Five years later, the lovebirds were still together, awkwardly trying to raise two small boys who had been born a year apart solely because contraception was too damn expensive for a couple of professional deadbeats. They had no clue how to manage a normal life, and eventually they drifted apart. Sara fell back into drugs and started being gone more often than she was around. Bobby took his boys, Evan and his younger brother Michael, with him to the gym every day. The fighters and trainers got used to having the little tykes under foot all the time, and by the time they were big enough to walk and pay attention, they were being trained by professional fighters. They were the official gym mascots, and it was the closest thing to a family they had.

One night when the boys were five and six years old, they followed their father into their grimy apartment, not bothering to flip the light switch because there was currently no power, and found their mother lying still on one of the two mattresses in their living room floor. A candle burned beside her, almost completely gone, the flame sputtering and hissing in the puddle of melted wax.
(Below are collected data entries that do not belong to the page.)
lemma nonneg_linear_ode_zero_iff:
  fixes g c :: "real \<Rightarrow> real"
  assumes deriv: "\<forall>t\<in>{a..b}. (g has_real_derivative c t * g t) (at t within {a..b})"
    and bounded: "\<forall>t\<in>{a..b}. \<bar>c t\<bar> \<le> K"
    and nonneg: "\<forall>t\<in>{a..b}. 0 \<le> g t" and t: "t \<in> {a..b}"
  shows "g t = 0 \<longleftrightarrow> g a = 0"
proof
  assume "g t = 0"
  show "g a = 0"
  proof (rule ccontr)
    assume "g a \<noteq> 0"
    then have "0 < g a" using nonneg t by force
    have "0 < g t"
    proof (rule positive_if_derivative_ge_linear[OF deriv _ \<open>0 < g a\<close> t])
      show "\<forall>s\<in>{a..b}. - K * g s \<le> c s * g s"
        using bounded nonneg by (metis abs_le_iff minus_le_iff mult_right_mono)
    qed
    then show False using \<open>g t = 0\<close> by simp
  qed
next
  assume "g a = 0"
  have "g t \<le> 0"
  proof (rule nonpos_if_derivative_le_linear[OF deriv _ _ t])
    show "\<forall>s\<in>{a..b}. 0 \<le> g s \<longrightarrow> c s * g s \<le> K * g s"
      using bounded by (auto intro!: mult_right_mono simp: abs_le_iff)
  qed (use \<open>g a = 0\<close> in simp)
  then show "g t = 0" using nonneg t by force
qed

lemma has_vector_derivative_fst:
  "(f has_vector_derivative f') F \<Longrightarrow> ((\<lambda>t. fst (f t)) has_real_derivative fst f') F"
  unfolding has_real_derivative_iff_has_vector_derivative has_vector_derivative_def
  by (drule has_derivative_fst) simp

lemma has_vector_derivative_snd:
  "(f has_vector_derivative f') F \<Longrightarrow> ((\<lambda>t. snd (f t)) has_vector_derivative snd f') F"
  unfolding has_vector_derivative_def
  by (drule has_derivative_snd) simp

lemma has_vector_derivative_norm_power2:
  fixes f :: "real \<Rightarrow> 'a::real_inner"
  assumes "(f has_vector_derivative f') (at t within S)"
  shows "((\<lambda>s. (norm (f s))\<^sup>2) has_real_derivative 2 * inner (f t) f') (at t within S)"
proof -
  have "(f has_derivative (\<lambda>h. h *\<^sub>R f')) (at t within S)"
    using assms by (simp add: has_vector_derivative_def)
  from has_derivative_inner[OF this this]
  have "((\<lambda>s. inner (f s) (f s)) has_derivative (\<lambda>h. (2 * inner (f t) f') * h)) (at t within S)"
    by (simp add: inner_commute algebra_simps)
  then show ?thesis
    by (simp add: has_field_derivative_def power2_norm_eq_inner)
qed

lemma DERIV_sqrt_comp:
  assumes "(f has_real_derivative D) (at t within S)" "0 < f t"
  shows "((\<lambda>s. sqrt (f s)) has_real_derivative D / (2 * sqrt (f t))) (at t within S)"
  using DERIV_chain2[OF DERIV_real_sqrt[OF assms(2)] assms(1)]
  by (simp add: field_simps)

lemma DERIV_arctan_sqrt_linear_decay:
  assumes deriv: "(r has_real_derivative - 2 * c * r t) (at t within S)" and pos: "0 < r t"
  shows "((\<lambda>s. arctan (sqrt (r s))) has_real_derivative - c * (sqrt (r t) / (1 + r t))) (at t within S)"
proof -
  define \<sigma> where "\<sigma> = sqrt (r t)"
  have \<sigma>: "0 < \<sigma>" "r t = \<sigma>\<^sup>2"
    unfolding \<sigma>_def using pos by simp_all
  have "0 < 1 + \<sigma>\<^sup>2"
    by (simp add: add_pos_nonneg)
  moreover have half: "- 2 * c * \<sigma>\<^sup>2 / (2 * \<sigma>) = - c * \<sigma>"
    using \<sigma>(1) by (simp add: power2_eq_square)
  ultimately have "inverse (1 + \<sigma>\<^sup>2) * (- 2 * c * \<sigma>\<^sup>2 / (2 * \<sigma>)) = - c * (\<sigma> / (1 + \<sigma>\<^sup>2))"
    unfolding half by (simp add: field_simps)
  with DERIV_chain2[OF DERIV_arctan DERIV_sqrt_comp[OF deriv pos]]
  show ?thesis
    unfolding \<sigma>_def[symmetric] \<sigma>(2) using \<sigma>(1) by simp
qed

lemma has_derivative_norm_powr:
  fixes y :: "'a::real_inner"
  assumes "y \<noteq> 0"
  shows "((\<lambda>z. norm z powr \<alpha>) has_derivative
           (\<lambda>h. \<alpha> * norm y powr \<alpha> / (norm y)\<^sup>2 * inner y h)) (at y)"
proof -
  have "((\<lambda>z. norm z powr \<alpha>) has_derivative
          (\<lambda>h. norm y powr \<alpha> * (0 * ln (norm y) + inner h (sgn y) * \<alpha> / norm y))) (at y)"
    using assms by (intro has_derivative_powr has_derivative_norm has_derivative_const) auto
  then show ?thesis
    using assms by (simp add: sgn_div_norm inner_commute power2_eq_square field_simps)
qed

lemma VF_has_derivative:
  fixes y :: "real \<times> (real^'n)"
  assumes "y \<noteq> 0"
  shows "(VF \<alpha> \<gamma> \<beta> has_derivative
           (\<lambda>h. (\<alpha> * norm y powr \<alpha> / (norm y)\<^sup>2 * inner y h) *\<^sub>R (\<gamma> * fst y, - \<beta> *\<^sub>R snd y)
                + norm y powr \<alpha> *\<^sub>R (\<gamma> * fst h, - \<beta> *\<^sub>R snd h))) (at y)"
proof -
  have "((\<lambda>z::real \<times> (real^'n). (\<gamma> * fst z, - \<beta> *\<^sub>R snd z)) has_derivative
          (\<lambda>h. (\<gamma> * fst h, - \<beta> *\<^sub>R snd h))) (at y)"
    by (auto intro!: derivative_eq_intros)
  from has_derivative_scaleR[OF has_derivative_norm_powr[OF assms] this]
  show ?thesis
    unfolding VF_def[abs_def] by (simp add: add.commute)
qed

lemma tan_axis_angle:
  fixes v :: "real \<times> (real^'n)"
  assumes "fst v \<noteq> 0"
  shows "tan (axis_angle v) = norm (snd v) / \<bar>fst v\<bar>"
proof -
  define c where "c = \<bar>fst v\<bar> / norm v"
  have norm_v: "(norm v)\<^sup>2 = (fst v)\<^sup>2 + (norm (snd v))\<^sup>2"
    by (cases v) (simp add: norm_Pair)
  have "0 < norm v" "\<bar>fst v\<bar> \<le> norm v"
    using assms norm_v abs_le_square_iff[of "fst v" "norm v"] by auto
  then have c: "0 < c" "c \<le> 1" and "1 - c\<^sup>2 = (norm (snd v) / norm v)\<^sup>2"
    using assms unfolding c_def power_divide by (simp_all add: field_simps norm_v)
  then have "tan (axis_angle v) = (norm (snd v) / norm v) / c"
    unfolding axis_angle_def c_def[symmetric] tan_def by (simp add: sin_arccos cos_arccos)
  then show ?thesis
    using \<open>0 < norm v\<close> unfolding c_def by simp
qed

lemma cross_term_bound:
  fixes U W A B q :: real
  assumes "0 \<le> W" "0 \<le> B" "\<bar>q\<bar> \<le> W * B"
  shows "2 * \<bar>U * A * q\<bar> \<le> \<bar>A\<bar> * B * (U\<^sup>2 + W\<^sup>2)"
proof -
  have "\<bar>U * A * q\<bar> \<le> \<bar>U\<bar> * \<bar>A\<bar> * (W * B)"
    using assms by (simp add: abs_mult mult_left_mono)
  moreover have "2 * (\<bar>U\<bar> * W) \<le> U\<^sup>2 + W\<^sup>2"
    using sum_squares_bound[of "\<bar>U\<bar>" W] by (simp add: power2_abs)
  ultimately have "2 * \<bar>U * A * q\<bar> \<le> (\<bar>A\<bar> * B) * (2 * (\<bar>U\<bar> * W))"
    by (simp add: algebra_simps)
  also have "\<dots> \<le> (\<bar>A\<bar> * B) * (U\<^sup>2 + W\<^sup>2)"
    using \<open>2 * (\<bar>U\<bar> * W) \<le> U\<^sup>2 + W\<^sup>2\<close> assms by (intro mult_left_mono) auto
  finally show ?thesis .
qed

lemma cone_drift_bound:
  fixes \<alpha> \<gamma> \<beta> N U W A B q p :: real
  assumes "0 < \<alpha>" "\<alpha> < 1" "0 < \<gamma>" "0 < \<beta>"
    and N: "0 < N" "N = U\<^sup>2 + W\<^sup>2" and p: "p = (U * A + q) / N"
    and "0 \<le> W" "0 \<le> B" "\<bar>q\<bar> \<le> W * B" and outside: "\<alpha>\<^sup>2 / 4 * A\<^sup>2 \<le> B\<^sup>2"
  shows "- \<beta> * (B\<^sup>2 + \<alpha> * p * q) - \<alpha>\<^sup>2 / 4 * \<gamma> * (A * (A + \<alpha> * U * p))
           \<le> \<alpha>\<^sup>2 / 4 * \<gamma> * (B\<^sup>2 - \<alpha>\<^sup>2 / 4 * A\<^sup>2)"
proof -
  define k where "k = \<alpha>\<^sup>2 / 4"
  have k: "0 < k" "k \<le> 1"
    using assms(1,2) power_le_one[of \<alpha> 2] unfolding k_def by auto
  have c: "0 \<le> \<beta> + k * \<gamma>"
    using assms(3,4) k by simp
  have expand: "- \<beta> * (B\<^sup>2 + \<alpha> * p * q) - k * \<gamma> * (A * (A + \<alpha> * U * p))
      = - \<beta> * B\<^sup>2 - k * \<gamma> * A\<^sup>2 - \<alpha> * (\<beta> * q\<^sup>2 + k * \<gamma> * U\<^sup>2 * A\<^sup>2) / N
        + \<alpha> * (\<beta> + k * \<gamma>) * (- (U * A * q) / N)"
    unfolding p using N(1) by (simp add: field_simps power2_eq_square)
  have "- (U * A * q) \<le> \<bar>A\<bar> * B * N / 2"
    using cross_term_bound[of W B q U A] assms abs_ge_minus_self[of "U * A * q"]
    unfolding N(2) by linarith
  then have "- (U * A * q) / N \<le> \<bar>A\<bar> * B / 2"
    using N(1) by (simp add: divide_simps)
  from mult_left_mono[OF this, of "\<alpha> * (\<beta> + k * \<gamma>)"]
  have cross: "\<alpha> * (\<beta> + k * \<gamma>) * (- (U * A * q) / N) \<le> (\<beta> + k * \<gamma>) * (\<alpha> * \<bar>A\<bar> * B) / 2"
    using assms(1) c by (simp add: mult_ac)
  have "(\<alpha> * \<bar>A\<bar>)\<^sup>2 \<le> (2 * B)\<^sup>2"
    using outside by (simp add: power_mult_distrib)
  then have "\<alpha> * \<bar>A\<bar> \<le> 2 * B"
    by (rule power2_le_imp_le) (use assms in simp)
  from mult_left_mono[OF mult_right_mono[OF this \<open>0 \<le> B\<close>] c]
  have cross': "(\<beta> + k * \<gamma>) * (\<alpha> * \<bar>A\<bar> * B) / 2 \<le> \<beta> * B\<^sup>2 + k * \<gamma> * B\<^sup>2"
    by (simp add: power2_eq_square algebra_simps)
  have "0 \<le> \<alpha> * (\<beta> * q\<^sup>2 + k * \<gamma> * U\<^sup>2 * A\<^sup>2) / N"
    using assms(1,3,4) k N(1) by simp
  moreover have "k * \<gamma> * (k * A\<^sup>2) \<le> k * \<gamma> * A\<^sup>2"
    using mult_left_le_one_le[of "A\<^sup>2" k] k assms(3) by (simp add: mult_left_mono)
  moreover have "k * \<gamma> * (B\<^sup>2 - k * A\<^sup>2) = k * \<gamma> * B\<^sup>2 - k * \<gamma> * (k * A\<^sup>2)"
    by (simp add: algebra_simps)
  ultimately show ?thesis
    unfolding k_def[symmetric] expand using cross cross' by linarith
qed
There was a needle sticking out of their mother’s arm, and her eyes were a hazy shade of pale blue even in the parts that were supposed to be white.

Michael touched his mother’s hand, and it felt as cold and hard as the concrete floor at the gym. Even after the candle winked out for good, and his father was crying softly near the window, his arm slung loosely over Evan’s narrow shoulder, Michael held onto that cold hand. He knew nothing of death, or of normal life for that matter, but somehow he knew it was the last time he would be able to touch the woman he called Mommy.

CHAPTER 1

(KAGE)

So I had just rawdogged my boyfriend in every sense of the word: no condom, no lube, and no fucking mercy. I left him half naked and crying in his parents’ backyard on the eve of his mother’s surgery. It was cruel, right? I should have felt guilty. Instead, I was flying like I’d just submitted a Jiu Jitsu blackbelt in the first round of a title fight.

It was because I didn’t think about shit right. Hell, I didn’t know how to break up with somebody, and especially not when I was that fucking mad. I just handled it like I did everything else, by beating it or balling it into submission. And now it was over. It was time to move on to the next phase of my life, and that phase did not include Jamie Atwood.